(* Let $\{(S_n,J_n)\}$ be a discrete-time Markov additive process as in the context, satisfying the assumptions listed there. Let $\overline{\boldsymbol{\beta}}(x)=\int_x^\infty d\boldsymbol{\beta}(y)$ and $\overline{\boldsymbol{H}}(x)=\int_x^\infty d\boldsymbol{H}(y)$ for $x\in\mathbb{R}$, and suppose there exist $\tilde c\in[0,\infty)$, a nonnegative random variable $Y\in\mathcal{S}$, a finite nonnegative row vector $\widetilde{\boldsymbol{\beta}}$ and a finite nonnegative matrix $\widetilde{\boldsymbol{H}}$ such that, entrywise, $$\limsup_{x\to\infty}\frac{\overline{\boldsymbol{\beta}}(x)}{\mathbb{P}(Y>x)}\le\tilde c\,\widetilde{\boldsymbol{\beta}},\qquad \limsup_{x\to\infty}\frac{\overline{\boldsymbol{H}}(x)}{\mathbb{P}(Y>x)}\le\tilde c\,\widetilde{\boldsymbol{H}}.$$ Then there is a finite constant $C>0$ such that $\limsup_{x\to\infty}\mathbb{P}(\Delta B_n>x)/\mathbb{P}(Y>x)\le\tilde c\,C$ for $n=0,1$.
   Context: Let $\mathbb{D}=\{0,\dots,d-1\}$. $\{J_n\}$ is a Markov chain on $\mathbb{D}$ and $X_0,X_1,\dots$ are real r.v.s with $\mathbb{P}(X_0\le x,J_0=i)=\beta_i(x)$ and, conditionally on the past up to time $n$ and on $J_n=i$, $\mathbb{P}(X_{n+1}\le x,J_{n+1}=j\mid\cdot)=H_{i,j}(x)$, with $\sum_i\beta_i(\infty)=1$, $\sum_jH_{i,j}(\infty)=1$. $S_n=\sum_{\nu=0}^nX_\nu$; $\boldsymbol{\beta}(x)=(\beta_i(x))$, $\boldsymbol{H}(x)=(H_{i,j}(x))$. Assumptions: $\boldsymbol{H}(\infty)$ irreducible stochastic; $\boldsymbol{\varpi}\int x\,d\boldsymbol{H}(x)\mathbf{e}\in(0,\infty)$ with $\boldsymbol{\varpi}$ the stationary vector of $\boldsymbol{H}(\infty)$. Let $0\le\tau_0<\tau_1<\cdots$ be the successive hitting times of state $0$ by $\{J_n\}$, and set $B(t)=S_{\lfloor t\rfloor}$, $\Delta B_0=B(\tau_0)=S_{\tau_0}$, $\Delta B_1=S_{\tau_1}-S_{\tau_0}$. Class $\mathcal{S}$: nonnegative $X$ with $\mathbb{P}(X>x)>0$ for all $x\ge0$ and $\mathbb{P}(X_1+X_2>x)\sim2\mathbb{P}(X>x)$ for independent copies $X_1,X_2$ of $X$. *)

theory Defs
  imports "HOL-Probability.Probability" "HOL-Library.Landau_Symbols"
begin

□ □ □ □ □

# What to produce:
The full listing should be duplicated exactly, line by line.

# Answer section:
(* Let $\{(S_n,J_n)\}$ be a discrete-time Markov additive process as in the context, satisfying the assumptions listed there. Let $\overline{\boldsymbol{\beta}}(x)=\int_x^\infty d\boldsymbol{\beta}(y)$ and $\overline{\boldsymbol{H}}(x)=\int_x^\infty d\boldsymbol{H}(y)$ for $x\in\mathbb{R}$, and suppose there exist $\tilde c\in[0,\infty)$, a nonnegative random variable $Y\in\mathcal{S}$, a finite nonnegative row vector $\widetilde{\boldsymbol{\beta}}$ and a finite nonnegative matrix $\widetilde{\boldsymbol{H}}$ such that, entrywise, $$\limsup_{x\to\infty}\frac{\overline{\boldsymbol{\beta}}(x)}{\mathbb{P}(Y>x)}\le\tilde c\,\widetilde{\boldsymbol{\beta}},\qquad \limsup_{x\to\infty}\frac{\overline{\boldsymbol{H}}(x)}{\mathbb{P}(Y>x)}\le\tilde c\,\widetilde{\boldsymbol{H}}.$$ Then there is a finite constant $C>0$ such that $\limsup_{x\to\infty}\mathbb{P}(\Delta B_n>x)/\mathbb{P}(Y>x)\le\tilde c\,C$ for $n=0,1$.
   Context: Let $\mathbb{D}=\{0,\dots,d-1\}$. $\{J_n\}$ is a Markov chain on $\mathbb{D}$ and $X_0,X_1,\dots$ are real r.v.s with $\mathbb{P}(X_0\le x,J_0=i)=\beta_i(x)$ and, conditionally on the past up to time $n$ and on $J_n=i$, $\mathbb{P}(X_{n+1}\le x,J_{n+1}=j\mid\cdot)=H_{i,j}(x)$, with $\sum_i\beta_i(\infty)=1$, $\sum_jH_{i,j}(\infty)=1$. $S_n=\sum_{\nu=0}^nX_\nu$; $\boldsymbol{\beta}(x)=(\beta_i(x))$, $\boldsymbol{H}(x)=(H_{i,j}(x))$. Assumptions: $\boldsymbol{H}(\infty)$ irreducible stochastic; $\boldsymbol{\varpi}\int x\,d\boldsymbol{H}(x)\mathbf{e}\in(0,\infty)$ with $\boldsymbol{\varpi}$ the stationary vector of $\boldsymbol{H}(\infty)$. Let $0\le\tau_0<\tau_1<\cdots$ be the successive hitting times of state $0$ by $\{J_n\}$, and set $B(t)=S_{\lfloor t\rfloor}$, $\Delta B_0=B(\tau_0)=S_{\tau_0}$, $\Delta B_1=S_{\tau_1}-S_{\tau_0}$. Class $\mathcal{S}$: nonnegative $X$ with $\mathbb{P}(X>x)>0$ for all $x\ge0$ and $\mathbb{P}(X_1+X_2>x)\sim2\mathbb{P}(X>x)$ for independent copies $X_1,X_2$ of $X$. *)

theory Defs
  imports "HOL-Probability.Probability" "HOL-Library.Landau_Symbols"
begin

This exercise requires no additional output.